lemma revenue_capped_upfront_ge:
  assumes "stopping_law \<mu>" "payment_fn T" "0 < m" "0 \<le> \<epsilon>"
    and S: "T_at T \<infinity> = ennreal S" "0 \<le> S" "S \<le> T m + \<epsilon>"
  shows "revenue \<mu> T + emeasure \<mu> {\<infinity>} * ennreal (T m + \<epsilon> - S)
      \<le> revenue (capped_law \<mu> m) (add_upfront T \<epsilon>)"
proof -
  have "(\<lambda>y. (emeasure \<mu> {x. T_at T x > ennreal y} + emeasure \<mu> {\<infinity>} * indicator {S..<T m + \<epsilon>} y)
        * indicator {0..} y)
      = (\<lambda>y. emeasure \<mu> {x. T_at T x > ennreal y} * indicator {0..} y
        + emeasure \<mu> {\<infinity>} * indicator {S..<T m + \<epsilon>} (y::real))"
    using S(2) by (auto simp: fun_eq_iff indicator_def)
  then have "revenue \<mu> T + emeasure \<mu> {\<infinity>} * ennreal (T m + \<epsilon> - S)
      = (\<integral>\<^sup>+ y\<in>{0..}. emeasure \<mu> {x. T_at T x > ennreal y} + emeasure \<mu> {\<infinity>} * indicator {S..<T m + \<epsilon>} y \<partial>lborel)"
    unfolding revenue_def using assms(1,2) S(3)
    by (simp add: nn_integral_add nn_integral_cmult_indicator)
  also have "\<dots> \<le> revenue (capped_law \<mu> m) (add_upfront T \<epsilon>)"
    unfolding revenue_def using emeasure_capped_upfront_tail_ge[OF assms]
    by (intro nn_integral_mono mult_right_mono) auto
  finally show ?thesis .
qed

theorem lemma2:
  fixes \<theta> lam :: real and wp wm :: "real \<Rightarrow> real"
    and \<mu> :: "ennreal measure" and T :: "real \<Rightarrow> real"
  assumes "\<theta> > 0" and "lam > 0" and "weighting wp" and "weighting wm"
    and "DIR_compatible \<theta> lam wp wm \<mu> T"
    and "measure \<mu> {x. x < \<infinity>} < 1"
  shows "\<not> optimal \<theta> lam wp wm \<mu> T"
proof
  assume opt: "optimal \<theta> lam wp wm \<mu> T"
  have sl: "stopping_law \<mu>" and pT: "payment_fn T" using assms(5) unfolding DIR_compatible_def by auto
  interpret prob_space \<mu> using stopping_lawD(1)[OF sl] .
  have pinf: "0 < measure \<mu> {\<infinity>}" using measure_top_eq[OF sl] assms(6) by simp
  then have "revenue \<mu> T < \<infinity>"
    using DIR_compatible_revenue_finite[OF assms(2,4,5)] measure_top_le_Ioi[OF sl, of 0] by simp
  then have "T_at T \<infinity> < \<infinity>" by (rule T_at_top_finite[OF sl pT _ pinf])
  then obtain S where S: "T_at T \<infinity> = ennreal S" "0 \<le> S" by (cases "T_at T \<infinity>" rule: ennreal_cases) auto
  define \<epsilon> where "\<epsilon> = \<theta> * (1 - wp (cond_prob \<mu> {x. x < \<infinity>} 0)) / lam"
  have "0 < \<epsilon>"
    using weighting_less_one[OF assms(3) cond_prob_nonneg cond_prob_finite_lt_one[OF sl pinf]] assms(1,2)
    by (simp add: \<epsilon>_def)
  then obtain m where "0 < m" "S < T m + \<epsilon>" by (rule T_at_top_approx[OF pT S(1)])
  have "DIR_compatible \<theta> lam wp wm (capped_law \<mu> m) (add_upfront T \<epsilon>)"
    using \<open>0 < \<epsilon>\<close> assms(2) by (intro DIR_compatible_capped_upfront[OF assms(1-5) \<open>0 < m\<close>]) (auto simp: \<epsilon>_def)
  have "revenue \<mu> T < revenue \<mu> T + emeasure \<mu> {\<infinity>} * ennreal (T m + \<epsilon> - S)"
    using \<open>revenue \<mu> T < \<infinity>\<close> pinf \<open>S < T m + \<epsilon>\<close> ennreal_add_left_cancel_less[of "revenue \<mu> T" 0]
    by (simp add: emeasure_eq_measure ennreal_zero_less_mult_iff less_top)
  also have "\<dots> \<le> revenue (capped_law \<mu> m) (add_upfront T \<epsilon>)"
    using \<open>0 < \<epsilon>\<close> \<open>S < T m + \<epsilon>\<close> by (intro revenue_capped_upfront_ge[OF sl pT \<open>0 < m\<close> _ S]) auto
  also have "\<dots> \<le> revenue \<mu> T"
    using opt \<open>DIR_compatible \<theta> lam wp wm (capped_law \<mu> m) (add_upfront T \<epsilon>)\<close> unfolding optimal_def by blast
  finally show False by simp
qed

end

PROBLEM STATEMENT
Search the entries above for the word "close", and copy every line where it occurs.

TASK SOLUTION
    using \<open>0 < \<epsilon>\<close> assms(2) by (intro DIR_compatible_capped_upfront[OF assms(1-5) \<open>0 < m\<close>]) (auto simp: \<epsilon>_def)
    using \<open>revenue \<mu> T < \<infinity>\<close> pinf \<open>S < T m + \<epsilon>\<close> ennreal_add_left_cancel_less[of "revenue \<mu> T" 0]
    using \<open>0 < \<epsilon>\<close> \<open>S < T m + \<epsilon>\<close> by (intro revenue_capped_upfront_ge[OF sl pT \<open>0 < m\<close> _ S]) auto
    using opt \<open>DIR_compatible \<theta> lam wp wm (capped_law \<mu> m) (add_upfront T \<epsilon>)\<close> unfolding optimal_def by blast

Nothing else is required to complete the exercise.